Their false bottom uses a silicone seal to seat itself which means it's more work to clean, can rip over time, etc. That's because they don't have a stepped bottom for the the false bottom to rest on like the Blichmann one does.


The Infussion Mash Tun has a stepped bottom. The silicone seal is not required, just keeps you from scratching the sides.


kal wrote:

None of their kettles have a sight glass. They go with cheaper etched markings on the inside which are impossible read if there's foam or during boiling because the wort's jumping around, and you have to constantly remove the lid to check. The mash tuns do have a manometer that kinda works as a sight glass but it's unprotected, completely exposed.


Correct, the kettles do not have sight glasses. Not that hard to add but cost money. The Manometer is pretty cool. You can tell if you have a stuck false bottom (which I've never had). If the right sight glass becomes lower level than the left sight glass you know you have a plugged false bottom. The sight glasses are somewhat exposed but haven't seemed to be an issue for me.

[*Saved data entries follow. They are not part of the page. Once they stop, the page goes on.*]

lemma successively_rev_symmetric:
  "\<forall>u v. E u v \<longrightarrow> E v u \<Longrightarrow> successively E (rev xs) \<longleftrightarrow> successively E xs"
  unfolding successively_rev by (metis (no_types, lifting) successively_mono)

lemma inj_on_add_mod: "inj_on (\<lambda>j. (n + j) mod m) {..<m :: nat}"
proof -
  have "a = b" if "(n + a) mod m = (n + b) mod m" "b < m" "a \<le> b" for a b
  proof -
    have "m dvd b - a"
      using that mod_eq_dvd_iff_nat[of "n + a" "n + b" m] by simp
    moreover have "b - a < m" using that by simp
    ultimately show "a = b" using that by (metis dvd_imp_le le_antisym not_gr0 not_le diff_is_0_eq)
  qed
  then show ?thesis by (intro inj_onI) (metis lessThan_iff nat_le_linear)
qed

lemma broken_joins_rotate:
  "broken_joins E (rotate n us) = {j. j < length us \<and> (n + j) mod length us \<in> broken_joins E us}"
proof -
  have "(\<not> E (last (rotate n us ! j)) (hd (rotate n us ! (Suc j mod length us)))) =
        (\<not> E (last (us ! ((n + j) mod length us)))
              (hd (us ! (Suc ((n + j) mod length us) mod length us))))"
    if j: "j < length us" for j
  proof -
    have "Suc j mod length us < length us" using j by (intro mod_less_divisor) linarith
    then have "rotate n us ! (Suc j mod length us) = us ! ((n + Suc j mod length us) mod length us)"
      by (rule nth_rotate)
    moreover have "(n + Suc j mod length us) mod length us = Suc ((n + j) mod length us) mod length us"
      by (metis add_Suc_right mod_Suc_eq mod_add_right_eq)
    ultimately show ?thesis using j by (simp add: nth_rotate)
  qed
  then show ?thesis
    unfolding broken_joins_def by auto (metis gr_implies_not_zero mod_less_divisor not_gr_zero)
qed

lemma broken_joins_rotate_last:
  assumes "i \<in> broken_joins E us"
  shows "length us - 1 \<in> broken_joins E (rotate (Suc i) us)"
proof -
  have "i < length us" using assms unfolding broken_joins_def by simp
  then have "Suc i + (length us - 1) = i + length us" by simp
  then have "(Suc i + (length us - 1)) mod length us = i" using \<open>i < length us\<close> by simp
  then show ?thesis using assms \<open>i < length us\<close> unfolding broken_joins_rotate by auto
qed

lemma card_broken_joins_rotate_le:
  "card (broken_joins E (rotate n us)) \<le> card (broken_joins E us)"
proof (rule card_inj_on_le)
  show "inj_on (\<lambda>j. (n + j) mod length us) (broken_joins E (rotate n us))"
    by (rule inj_on_subset[OF inj_on_add_mod]) (auto simp: broken_joins_def)
  show "(\<lambda>j. (n + j) mod length us) ` broken_joins E (rotate n us) \<subseteq> broken_joins E us"
    unfolding broken_joins_rotate by auto
qed simp

lemma alternating_rotate:
  assumes "alternating X Y us" "even (length us)"
  shows "alternating X Y (rotate n us) \<or> alternating Y X (rotate n us)"
proof -
  have ends: "hd (rotate n us ! j) \<in> (if even (n + j) then X else Y) \<and>
              last (rotate n us ! j) \<in> (if even (n + j) then X else Y)"
    if j: "j < length us" for j
  proof -
    have "(n + j) mod length us < length us" using j by (intro mod_less_divisor) linarith
    then have "hd (us ! ((n + j) mod length us)) \<in> (if even ((n + j) mod length us) then X else Y) \<and>
               last (us ! ((n + j) mod length us)) \<in> (if even ((n + j) mod length us) then X else Y)"
      using assms(1) unfolding alternating_def by blast
    moreover have "even ((n + j) mod length us) = even (n + j)"
      using assms(2) by (simp add: dvd_mod_iff)
    ultimately show ?thesis by (simp only: nth_rotate[OF j])
  qed
  show ?thesis
  proof (cases "even n")
    case True
    then have "alternating X Y (rotate n us)"
      unfolding alternating_def using ends by (metis length_rotate even_add)
    then show ?thesis ..
  next
    case False
    then have "alternating Y X (rotate n us)"
      unfolding alternating_def using ends by (metis length_rotate even_add)
    then show ?thesis ..
  qed
qed

definition almost_complete :: "('a \<Rightarrow> 'a \<Rightarrow> bool) \<Rightarrow> 'a set \<Rightarrow> 'a set \<Rightarrow> real \<Rightarrow> bool" where
  "almost_complete E X Y D \<longleftrightarrow>
     (\<forall>x\<in>X. real (card {y\<in>Y. \<not> E x y}) \<le> D) \<and> (\<forall>y\<in>Y. real (card {x\<in>X. \<not> E y x}) \<le> D)"

lemma almost_complete_commute: "almost_complete E X Y D \<longleftrightarrow> almost_complete E Y X D"
  unfolding almost_complete_def by blast

lemma disjoint_nth_if_distinct_concat:
  assumes "distinct (concat us)" "\<forall>U\<in>set us. U \<noteq> []"
    and "i < length us" "j < length us" "i \<noteq> j"
  shows "set (us ! i) \<inter> set (us ! j) = {}"
proof -
  have "removeAll [] us = us" using assms(2) by (intro removeAll_id) blast
  then have "distinct us" using assms(1) by (simp add: distinct_concat_iff)
  then have "us ! i \<noteq> us ! j" using assms(3-5) by (simp add: nth_eq_iff_index_eq)
  then show ?thesis using assms(1,3,4) by (simp add: distinct_concat_iff)
qed

lemma card_even_below: "card {q. q < 2 * N - 1 \<and> even q} = N"
proof -
  have "{q. q < 2 * N - 1 \<and> even q} = (\<lambda>i. 2 * i) ` {..<N}"
    by (auto elim!: evenE)
  moreover have "inj_on (\<lambda>i. 2 * i) {..<N}" by (auto simp: inj_on_def)
  ultimately show ?thesis by (simp add: card_image)
qed

lemma card_non_neighbours_le:
  assumes "inj_on f Q" "f ` Q \<subseteq> Y" "finite Y" "real (card {y\<in>Y. \<not> E v y}) \<le> D"
  shows "real (card {q\<in>Q. \<not> E v (f q)}) \<le> D"
proof -
  have "card {q\<in>Q. \<not> E v (f q)} = card (f ` {q\<in>Q. \<not> E v (f q)})"
    using assms(1) by (intro card_image[symmetric]) (auto intro: inj_on_subset)
  also have "\<dots> \<le> card {y\<in>Y. \<not> E v y}"
    using assms(2,3) by (intro card_mono) auto
  finally show ?thesis using assms(4) by linarith
qed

I originally had the 10 gallon and sold it so I was not limited on what beers I wanted to make. I would of purchased a 15 gallon if it was available.

I really like the sloped bottom of the Infussion Mash Tun. No dead space and you can clean in place. Don't get me wrong, there are some issues with this tank. They put the recirculating bulkhead at 9 o'clock. I had to plug that hole and add a new hole in the location that Kal recommends. The output at the bottom of the mash tun is smaller than 1/2" but so far hasn't seemed to be an issue with flow. The mash tun is also a different finish than their other kettles. The kettles are more of a dull finish and the mash tun is more shinny like the fermentors. The mash tun is larger than the same capacity kettles. I thought that would bug me but it doesn't. More or less draws your eyes to the center.


As Kal has stated before, it comes down to what you want. All one can do is take others input and purchase what you prefer.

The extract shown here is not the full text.